[Opening Input material section]

private lemma T_op_eqI:
  assumes "(\<lambda>k. hermite_coeff \<mu> (\<alpha> * x\<^sup>2) (real n * x) k * f (weight_mu \<mu> k / real n)) sums
             (S * (exp (\<alpha> * x\<^sup>2) * e_mu \<mu> (real n * x)))"
  shows "T_op \<alpha> \<mu> n f x = S"
proof -
  have "e_mu \<mu> (real n * x) > 0"
    using e_mu_pos[OF \<mu>] x by simp
  then show ?thesis
    by (simp add: T_op_eq_hermite_series[OF \<mu>] flip: sums_unique[OF assms])
qed

lemma T_op_one: "T_op \<alpha> \<mu> n (\<lambda>t. 1) x = 1"
  using hermite_coeff_sums[OF \<mu>, of "\<alpha> * x\<^sup>2" "real n * x"] \<alpha> x by (intro T_op_eqI) simp

lemma T_op_id: "T_op \<alpha> \<mu> n (\<lambda>t. t) x = x + 2 * \<alpha> * x\<^sup>2 / real n"
proof (rule T_op_eqI)
  have "(2 * (\<alpha> * x\<^sup>2) + real n * x) * E / real n = (x + 2 * \<alpha> * x\<^sup>2 / real n) * E" for E
    using n by (simp add: field_simps)
  then show "(\<lambda>k. hermite_coeff \<mu> (\<alpha> * x\<^sup>2) (real n * x) k * (weight_mu \<mu> k / real n)) sums
      ((x + 2 * \<alpha> * x\<^sup>2 / real n) * (exp (\<alpha> * x\<^sup>2) * e_mu \<mu> (real n * x)))"
    using sums_divide[OF hermite_coeff_weight_sums[OF \<mu>], of "\<alpha> * x\<^sup>2" "real n * x" "real n"] \<alpha> x
    by (simp only: times_divide_eq_right) simp
qed

lemma T_op_square:
  "T_op \<alpha> \<mu> n (\<lambda>t. t\<^sup>2) x =
     x\<^sup>2 + 4 * \<alpha> / (real n)\<^sup>2 * x\<^sup>2 + 4 * \<alpha> / real n * x ^ 3
     + 4 * \<alpha>\<^sup>2 / (real n)\<^sup>2 * x ^ 4 + x / real n
     + 2 * \<mu> * x / real n * (e_mu \<mu> (- (real n * x)) / e_mu \<mu> (real n * x))"
  (is "_ = ?S")
proof (rule T_op_eqI)
  let ?y = "\<alpha> * x\<^sup>2" and ?z = "real n * x"
  have "e_mu \<mu> ?z > 0"
    using e_mu_pos[OF \<mu>] x by simp
  then have "(((2 * ?y + ?z)\<^sup>2 + 4 * ?y + ?z) * (exp ?y * e_mu \<mu> ?z)
        + 2 * \<mu> * ?z * exp ?y * e_mu \<mu> (- ?z)) / (real n)\<^sup>2 = ?S * (exp ?y * e_mu \<mu> ?z)"
    using n by (simp add: field_simps power2_eq_square power3_eq_cube power4_eq_xxxx)
  then show "(\<lambda>k. hermite_coeff \<mu> ?y ?z k * (weight_mu \<mu> k / real n)\<^sup>2) sums (?S * (exp ?y * e_mu \<mu> ?z))"
    using sums_divide[OF hermite_coeff_weight_sq_sums[OF \<mu>], of ?y ?z "(real n)\<^sup>2"] \<alpha> x
    by (simp only: power_divide times_divide_eq_right) simp
qed

end

theorem lemma3:
  fixes \<alpha> \<mu> x :: real and n :: nat
  assumes "\<alpha> \<ge> 0" and "\<mu> \<ge> 0" and "n \<ge> 1" and "x \<ge> 0"
  shows "T_op \<alpha> \<mu> n (\<lambda>t. 1) x = 1 \<and>
         T_op \<alpha> \<mu> n (\<lambda>t. t) x = x + 2 * \<alpha> * x\<^sup>2 / real n \<and>
         T_op \<alpha> \<mu> n (\<lambda>t. t\<^sup>2) x =
           x\<^sup>2 + 4 * \<alpha> / (real n)\<^sup>2 * x\<^sup>2 + 4 * \<alpha> / real n * x ^ 3
           + 4 * \<alpha>\<^sup>2 / (real n)\<^sup>2 * x ^ 4 + x / real n
           + 2 * \<mu> * x / real n * (e_mu \<mu> (- (real n * x)) / e_mu \<mu> (real n * x))"
  using T_op_one[OF assms] T_op_id[OF assms] T_op_square[OF assms] by blast

end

[Closing Input material section]

**Task to complete**
In this exercise, you retype all of the data exactly as it appears above.

**Written solution**
private lemma T_op_eqI:
  assumes "(\<lambda>k. hermite_coeff \<mu> (\<alpha> * x\<^sup>2) (real n * x) k * f (weight_mu \<mu> k / real n)) sums
             (S * (exp (\<alpha> * x\<^sup>2) * e_mu \<mu> (real n * x)))"
  shows "T_op \<alpha> \<mu> n f x = S"
proof -
  have "e_mu \<mu> (real n * x) > 0"
    using e_mu_pos[OF \<mu>] x by simp
  then show ?thesis
    by (simp add: T_op_eq_hermite_series[OF \<mu>] flip: sums_unique[OF assms])
qed

lemma T_op_one: "T_op \<alpha> \<mu> n (\<lambda>t. 1) x = 1"
  using hermite_coeff_sums[OF \<mu>, of "\<alpha> * x\<^sup>2" "real n * x"] \<alpha> x by (intro T_op_eqI) simp

lemma T_op_id: "T_op \<alpha> \<mu> n (\<lambda>t. t) x = x + 2 * \<alpha> * x\<^sup>2 / real n"
proof (rule T_op_eqI)
  have "(2 * (\<alpha> * x\<^sup>2) + real n * x) * E / real n = (x + 2 * \<alpha> * x\<^sup>2 / real n) * E" for E
    using n by (simp add: field_simps)
  then show "(\<lambda>k. hermite_coeff \<mu> (\<alpha> * x\<^sup>2) (real n * x) k * (weight_mu \<mu> k / real n)) sums
      ((x + 2 * \<alpha> * x\<^sup>2 / real n) * (exp (\<alpha> * x\<^sup>2) * e_mu \<mu> (real n * x)))"
    using sums_divide[OF hermite_coeff_weight_sums[OF \<mu>], of "\<alpha> * x\<^sup>2" "real n * x" "real n"] \<alpha> x
    by (simp only: times_divide_eq_right) simp
qed

lemma T_op_square:
  "T_op \<alpha> \<mu> n (\<lambda>t. t\<^sup>2) x =
     x\<^sup>2 + 4 * \<alpha> / (real n)\<^sup>2 * x\<^sup>2 + 4 * \<alpha> / real n * x ^ 3
     + 4 * \<alpha>\<^sup>2 / (real n)\<^sup>2 * x ^ 4 + x / real n
     + 2 * \<mu> * x / real n * (e_mu \<mu> (- (real n * x)) / e_mu \<mu> (real n * x))"
  (is "_ = ?S")
proof (rule T_op_eqI)
  let ?y = "\<alpha> * x\<^sup>2" and ?z = "real n * x"
  have "e_mu \<mu> ?z > 0"
    using e_mu_pos[OF \<mu>] x by simp
  then have "(((2 * ?y + ?z)\<^sup>2 + 4 * ?y + ?z) * (exp ?y * e_mu \<mu> ?z)
        + 2 * \<mu> * ?z * exp ?y * e_mu \<mu> (- ?z)) / (real n)\<^sup>2 = ?S * (exp ?y * e_mu \<mu> ?z)"
    using n by (simp add: field_simps power2_eq_square power3_eq_cube power4_eq_xxxx)
  then show "(\<lambda>k. hermite_coeff \<mu> ?y ?z k * (weight_mu \<mu> k / real n)\<^sup>2) sums (?S * (exp ?y * e_mu \<mu> ?z))"
    using sums_divide[OF hermite_coeff_weight_sq_sums[OF \<mu>], of ?y ?z "(real n)\<^sup>2"] \<alpha> x
    by (simp only: power_divide times_divide_eq_right) simp
qed

end

theorem lemma3:
  fixes \<alpha> \<mu> x :: real and n :: nat
  assumes "\<alpha> \<ge> 0" and "\<mu> \<ge> 0" and "n \<ge> 1" and "x \<ge> 0"
  shows "T_op \<alpha> \<mu> n (\<lambda>t. 1) x = 1 \<and>
         T_op \<alpha> \<mu> n (\<lambda>t. t) x = x + 2 * \<alpha> * x\<^sup>2 / real n \<and>
         T_op \<alpha> \<mu> n (\<lambda>t. t\<^sup>2) x =
           x\<^sup>2 + 4 * \<alpha> / (real n)\<^sup>2 * x\<^sup>2 + 4 * \<alpha> / real n * x ^ 3
           + 4 * \<alpha>\<^sup>2 / (real n)\<^sup>2 * x ^ 4 + x / real n
           + 2 * \<mu> * x / real n * (e_mu \<mu> (- (real n * x)) / e_mu \<mu> (real n * x))"
  using T_op_one[OF assms] T_op_id[OF assms] T_op_square[OF assms] by blast

end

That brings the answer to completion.